# Wings!!



## Nor-tah (Dec 16, 2007)

Chicken wings are one of my top five favorite foods. I eat them whenever I can and must say that nothing I have tried comes even close to the Totonka sauce/wings at the Wing Coop on Wasatch blvd.

I made some tonight that weren't half bad though, heres the recipe.

-8 wings, sectioned into drums and wings (16 pieces).
-1 cup flour
-Salt and pepper
-1 Tbs Tony Cacheres (any creole seasoning will work)

Sauce
-1/4 cup Lousiana Hot sauce (Pretty mild, another 1/8 cup for medium)
-1 cup butter
-1 tsp Garlic Powder
-1 Tbs Brown Sugar

Combine flour, salt and pepper, and creole seasoning in a large bowl. Toss the wings with the flour mixture until well coated. VERY IMPORTANT refrigerate wings in a covered bowl for AT LEAST 60 minutes. This will help make the skin crispy. 

In a sauce pan melt the butter, add the hot sauce, garlic powder and the brown sugar. Keep on low.

After an hour, heat peanut oil in a large pan until it reaches 375* Fry the wings 10-12 minutes or until brown. 

Toss in a bowl with sauce and serve. Not too shabby, even if I do say so myself.


----------



## idiot with a bow (Sep 10, 2007)

Wing coop is the best place on the planet. I either want to die there or on the summit of Everest. I love the Habenero wings they have as well. Nice work Nor-Tah and god bless the wing coop...


----------



## BERG (Dec 4, 2007)

Nor-tah, 

Will you please invite us over for some wings?  Reading that made me hungry, and idiot has been going without food for weeks. He lost all of his money in our fantasy football league. So, please take pity on two poor souls who need some help.
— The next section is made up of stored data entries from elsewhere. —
(* Let $\mathcal{L}=(\mathrm{Fm},\vdash)$ be a selfextensional logic for which properties $\neg_S$ and $\neg_A$ hold, and let $N\subseteq\mathrm{Fm}\times\mathrm{Fm}$ be a normative system closed under (WO). Then $$P_N=\{(\alpha,\varphi)\mid(\alpha,\neg\varphi)\notin N\}.$$
   Context: A logic is $\mathcal{L}=(\mathrm{Fm},\vdash)$ with $\mathrm{Fm}$ a formula algebra over propositional variables and $\vdash\subseteq\mathcal{P}(\mathrm{Fm})\times\mathrm{Fm}$ a consequence relation (reflexive, monotone, cut). $Cn(\Gamma)=\{\psi\mid\Gamma\vdash\psi\}$, $Cn(\varphi,\psi)=Cn(\{\varphi,\psi\})$, $\varphi\vdash\psi$ means $\{\varphi\}\vdash\psi$. $\mathcal{L}$ is selfextensional if whenever $\varphi\vdash\psi$ and $\psi\vdash\varphi$, then $\delta(\varphi/p)$ and $\delta(\psi/p)$ are interderivable for every formula $\delta$ and variable $p$. Property $\neg_W$: there is a unary term $\neg$ such that $\psi\in Cn(\varphi)$ implies $\neg\varphi\in Cn(\neg\psi)$; for such $\neg$: $\neg_A$: $Cn(\varphi,\neg\varphi)=\mathrm{Fm}$ for all $\varphi$; $\neg_S$: $Cn(\varphi,\psi)=\mathrm{Fm}$ implies $\neg\psi\in Cn(\varphi)$. A normative system is any $N\subseteq\mathrm{Fm}\times\mathrm{Fm}$; it is closed under (WO) if $(\alpha,\varphi)\in N$ and $\varphi\vdash\psi$ imply $(\alpha,\psi)\in N$. The negative permission system is $P_N=\{(\alpha,\varphi)\mid\forall\psi((\alpha,\psi)\in N\Rightarrow Cn(\varphi,\psi)\neq\mathrm{Fm})\}$. *)

theory Defs
  imports Main
begin

datatype ('v, 'c) fm = Var 'v | App 'c "('v, 'c) fm list"

fun subst :: "('v, 'c) fm \<Rightarrow> 'v \<Rightarrow> ('v, 'c) fm \<Rightarrow> ('v, 'c) fm" where
  "subst (Var q) p \<phi> = (if q = p then \<phi> else Var q)"
| "subst (App c ds) p \<phi> = App c (map (\<lambda>d. subst d p \<phi>) ds)"

definition consequence_relation :: "(('v,'c) fm set \<Rightarrow> ('v,'c) fm \<Rightarrow> bool) \<Rightarrow> bool" where
  "consequence_relation vd \<longleftrightarrow>
     (\<forall>\<Gamma> \<phi>. \<phi> \<in> \<Gamma> \<longrightarrow> vd \<Gamma> \<phi>) \<and>
     (\<forall>\<Gamma> \<Delta> \<phi>. vd \<Gamma> \<phi> \<and> \<Gamma> \<subseteq> \<Delta> \<longrightarrow> vd \<Delta> \<phi>) \<and>
     (\<forall>\<Gamma> \<Delta> \<phi>. (\<forall>\<psi>\<in>\<Delta>. vd \<Gamma> \<psi>) \<and> vd (\<Gamma> \<union> \<Delta>) \<phi> \<longrightarrow> vd \<Gamma> \<phi>)"

definition Cn :: "(('v,'c) fm set \<Rightarrow> ('v,'c) fm \<Rightarrow> bool) \<Rightarrow> ('v,'c) fm set \<Rightarrow> ('v,'c) fm set" where
  "Cn vd \<Gamma> = {\<psi>. vd \<Gamma> \<psi>}"

definition selfextensional :: "(('v,'c) fm set \<Rightarrow> ('v,'c) fm \<Rightarrow> bool) \<Rightarrow> bool" where
  "selfextensional vd \<longleftrightarrow>
     (\<forall>\<phi> \<psi>. vd {\<phi>} \<psi> \<and> vd {\<psi>} \<phi> \<longrightarrow>
        (\<forall>\<delta> p. vd {subst \<delta> p \<phi>} (subst \<delta> p \<psi>) \<and> vd {subst \<delta> p \<psi>} (subst \<delta> p \<phi>)))"

text \<open>A unary term: a formula t in (at most) the variable p; neg phi = t(phi/p).\<close>
definition unary_term :: "('v,'c) fm \<Rightarrow> 'v \<Rightarrow> bool" where
  "unary_term t p \<longleftrightarrow> (\<forall>q. q \<noteq> p \<longrightarrow> (\<forall>\<phi>. subst t q \<phi> = t))"

definition neg_W :: "(('v,'c) fm set \<Rightarrow> ('v,'c) fm \<Rightarrow> bool) \<Rightarrow> (('v,'c) fm \<Rightarrow> ('v,'c) fm) \<Rightarrow> bool" where
  "neg_W vd neg \<longleftrightarrow> (\<forall>\<phi> \<psi>. \<psi> \<in> Cn vd {\<phi>} \<longrightarrow> neg \<phi> \<in> Cn vd {neg \<psi>})"

definition neg_A :: "(('v,'c) fm set \<Rightarrow> ('v,'c) fm \<Rightarrow> bool) \<Rightarrow> (('v,'c) fm \<Rightarrow> ('v,'c) fm) \<Rightarrow> bool" where
  "neg_A vd neg \<longleftrightarrow> (\<forall>\<phi>. Cn vd {\<phi>, neg \<phi>} = UNIV)"

definition neg_S :: "(('v,'c) fm set \<Rightarrow> ('v,'c) fm \<Rightarrow> bool) \<Rightarrow> (('v,'c) fm \<Rightarrow> ('v,'c) fm) \<Rightarrow> bool" where
  "neg_S vd neg \<longleftrightarrow> (\<forall>\<phi> \<psi>. Cn vd {\<phi>, \<psi>} = UNIV \<longrightarrow> neg \<psi> \<in> Cn vd {\<phi>})"

definition closed_WO :: "(('v,'c) fm set \<Rightarrow> ('v,'c) fm \<Rightarrow> bool) \<Rightarrow> (('v,'c) fm \<times> ('v,'c) fm) set \<Rightarrow> bool" where
  "closed_WO vd N \<longleftrightarrow> (\<forall>\<alpha> \<phi> \<psi>. (\<alpha>, \<phi>) \<in> N \<and> vd {\<phi>} \<psi> \<longrightarrow> (\<alpha>, \<psi>) \<in> N)"

definition neg_perm :: "(('v,'c) fm set \<Rightarrow> ('v,'c) fm \<Rightarrow> bool) \<Rightarrow> (('v,'c) fm \<times> ('v,'c) fm) set \<Rightarrow> (('v,'c) fm \<times> ('v,'c) fm) set" where
  "neg_perm vd N = {(\<alpha>, \<phi>). \<forall>\<psi>. (\<alpha>, \<psi>) \<in> N \<longrightarrow> Cn vd {\<phi>, \<psi>} \<noteq> UNIV}"

end

theory Submission
  imports Defs
begin

lemma neg_perm_imp_neg_notin:
  assumes "neg_A vd neg" and "(\<alpha>, \<phi>) \<in> neg_perm vd N"
  shows "(\<alpha>, neg \<phi>) \<notin> N"
  using assms unfolding neg_A_def neg_perm_def by auto

lemma neg_notin_imp_neg_perm:
  assumes neg_S: "neg_S vd neg" and WO: "closed_WO vd N" and notin: "(\<alpha>, neg \<phi>) \<notin> N"
  shows "(\<alpha>, \<phi>) \<in> neg_perm vd N"
  unfolding neg_perm_def
proof (clarify)
  fix \<psi> assume "(\<alpha>, \<psi>) \<in> N" and "Cn vd {\<phi>, \<psi>} = UNIV"
  then have "Cn vd {\<psi>, \<phi>} = UNIV" by (simp add: insert_commute)
  then have "vd {\<psi>} (neg \<phi>)" using neg_S unfolding neg_S_def Cn_def by blast
  with \<open>(\<alpha>, \<psi>) \<in> N\<close> have "(\<alpha>, neg \<phi>) \<in> N" using WO unfolding closed_WO_def by blast
  with notin show False by contradiction
qed

lemma neg_perm_eq_neg_notin:
  assumes "neg_A vd neg" and "neg_S vd neg" and "closed_WO vd N"
  shows "neg_perm vd N = {(\<alpha>, \<phi>). (\<alpha>, neg \<phi>) \<notin> N}"
  using assms neg_perm_imp_neg_notin neg_notin_imp_neg_perm by fast

text \<open>Only \<open>\<not>\<^sub>A\<close>, \<open>\<not>\<^sub>S\<close> and (WO) are needed.\<close>

theorem proposition4p2:
  fixes vd :: "('v,'c) fm set \<Rightarrow> ('v,'c) fm \<Rightarrow> bool"
    and t :: "('v,'c) fm" and p :: 'v
    and N :: "(('v,'c) fm \<times> ('v,'c) fm) set"
  assumes "consequence_relation vd"
    and "selfextensional vd"
    and "unary_term t p"
    and "neg_W vd (\<lambda>\<phi>. subst t p \<phi>)"
    and "neg_S vd (\<lambda>\<phi>. subst t p \<phi>)"
    and "neg_A vd (\<lambda>\<phi>. subst t p \<phi>)"
    and "closed_WO vd N"
  shows "neg_perm vd N = {(\<alpha>, \<phi>). (\<alpha>, subst t p \<phi>) \<notin> N}"
  using neg_perm_eq_neg_notin[OF assms(6,5,7)] .

end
I will bring the beverages...Tree and fatbass want to come too.


----------



## Nor-tah (Dec 16, 2007)

Haha The next time we have a get together i'll bring the fryer and a couple dozen wings!! My apt is a little small for a get together and the wife might kick me out!!


----------



## BERG (Dec 4, 2007)

Nor-tah said:


> Haha The next time we have a get together i'll bring the fryer and a couple dozen wings!! My apt is a little small for a get together and the wife might kick me out!!


How about you bring the fryer, and I'll bring about 20 dozen wings. A couple dozen? You silly man...idiot can eat a couple dozen in just a few seconds. He's like a shop-vac in that regard.


----------



## Nor-tah (Dec 16, 2007)

Thats a deal right there.


----------